Vi hace poco la versión de esta última tragedia de Sófocles dirigida por Peter Stein. Era una representación austera, de una desnudez inquietante y con una soberbia actuación de Karl Maria Brandauer en el papel del anciano Edipo. Brandauer, con el gesto siempre contenido, lograba transmitir la variedad de emociones que invaden al protagonista ante la inminencia de la muerte: el amor paterno hacia las hijas, el inconformismo ante los hombres, el agradecimiento hacia los dioses. Peter Stein resolvía de modo sobresaliente la intervención del coro de los ciudadanos de Colono, en particular cuando entonó el maravilloso canto sobre la vejez.

Me interesaba ver la elección escenográfica de Stein para construir el bosque sagrado. Los espectadores se encontraban con una desolada llanura interrumpida por un bosque de laurel, viñas y olivos.
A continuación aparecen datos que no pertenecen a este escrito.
(* Let $P$ be a finite poset with a partition $P=P^*\sqcup C\sqcup O$ into marked, chain and order elements, where $\min(P)\subseteq P^*$. Let $\mathcal{I}=(I_0,\dots,I_{k-1})\in\mathfrak{I}(P^* )$ and $\lambda,\mu\in\mathcal{L}(P^*,\mathcal{I})$. Then \[\mathcal{O}_{C,O}(P,\lambda+\mu)=\mathcal{O}_{C,O}(P,\lambda)+\mathcal{O}_{C,O}(P,\mu).\] Furthermore, if $\lambda$ and $\mu$ are both integral, then \[\mathcal{O}^{\mathbb{Z}}_{C,O}(P,\lambda+\mu)=\mathcal{O}^{\mathbb{Z}}_{C,O}(P,\lambda)+\mathcal{O}^{\mathbb{Z}}_{C,O}(P,\mu).\]
   Context: $p\prec q$ denotes a covering relation in $P$. For an order-preserving $\lambda\colon P^*\to\mathbb{R}$, the marked chain-order polyhedron $\mathcal{O}_{C,O}(P,\lambda)\subseteq\mathbb{R}^P$ is the set of all $\mathbf{x}=(x_p)_{p\in P}$ with: (1) $x_a=\lambda(a)$ for $a\in P^*$; (2) $x_p\ge 0$ for $p\in C$; (3) $x_{p_1}+\cdots+x_{p_r}\le x_b-x_a$ for every saturated chain $a\prec p_1\prec\cdots\prec p_r\prec b$ in $P$ with $a,b\in P^*\sqcup O$, all $p_i\in C$, $r\ge0$. $\mathcal{O}^{\mathbb{Z}}_{C,O}(P,\lambda)=\mathcal{O}_{C,O}(P,\lambda)\cap\mathbb{Z}^P$; Minkowski sums are denoted by $+$. $\mathfrak{I}(P^* )$ is the set of chains $\varnothing\ne I_0\subsetneq I_1\subsetneq\cdots\subsetneq I_{k-1}\ne P^*$ of order ideals of the poset $P^*$ (with $k\ge 1$; the empty chain with $k=1$... i.e. any such chain, possibly of length zero); set $I_{-1}=\varnothing$, $I_k=P^*$. For $\mathcal{I}\in\mathfrak{I}(P^* )$, $\mathcal{L}(P^*,\mathcal{I})$ is the set of order-preserving maps $f\colon P^*\to\mathbb{R}$ that are constant on each $I_j\setminus I_{j-1}$ ($j=0,\dots,k$) and satisfy $f(I_0\setminus I_{-1})\le f(I_1\setminus I_0)\le\cdots\le f(I_k\setminus I_{k-1})$. A marking is integral if it takes values in $\mathbb{Z}$. *)

theory Defs
  imports Main Complex_Main
begin

text \<open>The finite poset P is a finite subset of an ordered type, with the induced order.
Points of R^P are functions 'a => real vanishing outside P.\<close>

definition covers :: "'a::order set \<Rightarrow> 'a \<Rightarrow> 'a \<Rightarrow> bool" where
  "covers P p q \<longleftrightarrow> p \<in> P \<and> q \<in> P \<and> p < q \<and> \<not> (\<exists>r\<in>P. p < r \<and> r < q)"

definition minimal_elements :: "'a::order set \<Rightarrow> 'a set" where
  "minimal_elements P = {p \<in> P. \<not> (\<exists>q\<in>P. q < p)}"

definition order_preserving_on :: "'a::order set \<Rightarrow> ('a \<Rightarrow> real) \<Rightarrow> bool" where
  "order_preserving_on A f \<longleftrightarrow> (\<forall>a\<in>A. \<forall>b\<in>A. a \<le> b \<longrightarrow> f a \<le> f b)"

definition mco_polyhedron ::
  "'a::order set \<Rightarrow> 'a set \<Rightarrow> 'a set \<Rightarrow> 'a set \<Rightarrow> ('a \<Rightarrow> real) \<Rightarrow> ('a \<Rightarrow> real) set" where
  "mco_polyhedron P Pstar C Ord lam =
     {x. (\<forall>p. p \<notin> P \<longrightarrow> x p = 0)
       \<and> (\<forall>a\<in>Pstar. x a = lam a)
       \<and> (\<forall>p\<in>C. x p \<ge> 0)
       \<and> (\<forall>a b ps. a \<in> Pstar \<union> Ord \<longrightarrow> b \<in> Pstar \<union> Ord \<longrightarrow> set ps \<subseteq> C \<longrightarrow>
             successively (covers P) (a # ps @ [b]) \<longrightarrow>
             sum_list (map x ps) \<le> x b - x a)}"

definition mco_lattice_points ::
  "'a::order set \<Rightarrow> 'a set \<Rightarrow> 'a set \<Rightarrow> 'a set \<Rightarrow> ('a \<Rightarrow> real) \<Rightarrow> ('a \<Rightarrow> real) set" where
  "mco_lattice_points P Pstar C Ord lam =
     {x \<in> mco_polyhedron P Pstar C Ord lam. \<forall>p\<in>P. x p \<in> \<int>}"

definition minkowski_sum :: "('a \<Rightarrow> real) set \<Rightarrow> ('a \<Rightarrow> real) set \<Rightarrow> ('a \<Rightarrow> real) set" where
  "minkowski_sum A B = {(\<lambda>p. x p + y p) | x y. x \<in> A \<and> y \<in> B}"

definition order_ideal :: "'a::order set \<Rightarrow> 'a set \<Rightarrow> bool" where
  "order_ideal Q I \<longleftrightarrow> I \<subseteq> Q \<and> (\<forall>p\<in>I. \<forall>q\<in>Q. q \<le> p \<longrightarrow> q \<in> I)"

definition ideal_chains :: "'a::order set \<Rightarrow> 'a set list set" where
  "ideal_chains Q = {Is. (\<forall>I\<in>set Is. order_ideal Q I)
       \<and> (Is \<noteq> [] \<longrightarrow> hd Is \<noteq> {} \<and> last Is \<noteq> Q)
       \<and> successively (\<subset>) Is}"

text \<open>Blocks I_j - I_{j-1} for j = 0..k, with I_{-1} = {} and I_k = Pstar.\<close>
definition ideal_blocks :: "'a set \<Rightarrow> 'a set list \<Rightarrow> 'a set list" where
  "ideal_blocks Q Is = (let Js = Is @ [Q] in
      map (\<lambda>j. Js ! j - (if j = 0 then {} else Js ! (j - 1))) [0..<length Js])"

definition markings_L :: "'a::order set \<Rightarrow> 'a set list \<Rightarrow> ('a \<Rightarrow> real) set" where
  "markings_L Q Is = {f. order_preserving_on Q f
       \<and> (\<forall>B\<in>set (ideal_blocks Q Is). \<forall>a\<in>B. \<forall>b\<in>B. f a = f b)
       \<and> (\<forall>j. Suc j < length (ideal_blocks Q Is) \<longrightarrow>
            (\<forall>a\<in>ideal_blocks Q Is ! j. \<forall>b\<in>ideal_blocks Q Is ! Suc j. f a \<le> f b))}"

end

theory Submission
  imports Defs
begin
La escena ponía de relieve el carácter ambiguo del bosque sagrado, un espacio en el que pueden tener lugar portentos benéficos y también revelaciones pavorosas. De hecho, Sófocles ya da la pauta sobre la naturaleza ambivalente de estos recintos al colocar al bosque de su ciudad natal bajo la protección de las Euménides, deidades benevolentes pero con un terrible pasado cuando, como Erinias, eran las oscuras diosas de la sangre y la venganza. Edipo da sus últimos pasos postreros con viento favorable, inclinado hacia la gloria que el futuro le deparará en la memoria de los hombres, aunque sin olvidar la violencia, la incomprensible violencia, que impulsa la vida.

En la obra de Sófocles al final solo a Teseo le es permitido asistir a la enigmática muerte de Edipo. Como homenaje del poeta a Atenas, recién derrotada en la guerra, el rey Teseo acompaña al héroe hacia un desenlace secreto. Lo que se oye en el bosque sagrado es aleccionador y misterioso. Edipo advierte al rey respecto a lo que va a ver: "Y tú guárdatelo siempre para ti mismo y, cuando llegues al final de la vida, indícaselo solo al mejor y que él no deje de revelárselo al siguiente".

Siguiendo la lógica de Edipo únicamente uno de nosotros, hoy día, está en condiciones de saber en qué consistió la muerte de Edipo. Pero este enigma es todavía más difícil que el que tuvo que afrontar el héroe en su juventud al cruzarse en su camino la terrorífica Esfinge. ¿Qué autoridad dictamina quién es el mejor? No soportamos que lo haga una autoridad exterior y, en nuestro interior, cualquier autoridad es demasiado voluble para arrogarse una sentencia. En un instante pasamos de ser el mejor a ser el peor, y viceversa. Algo semejante debieron de pasar los espectadores contemporáneos de Sófocles, incapaces, como nosotros, de dar una solución al problema de la muerte de Edipo.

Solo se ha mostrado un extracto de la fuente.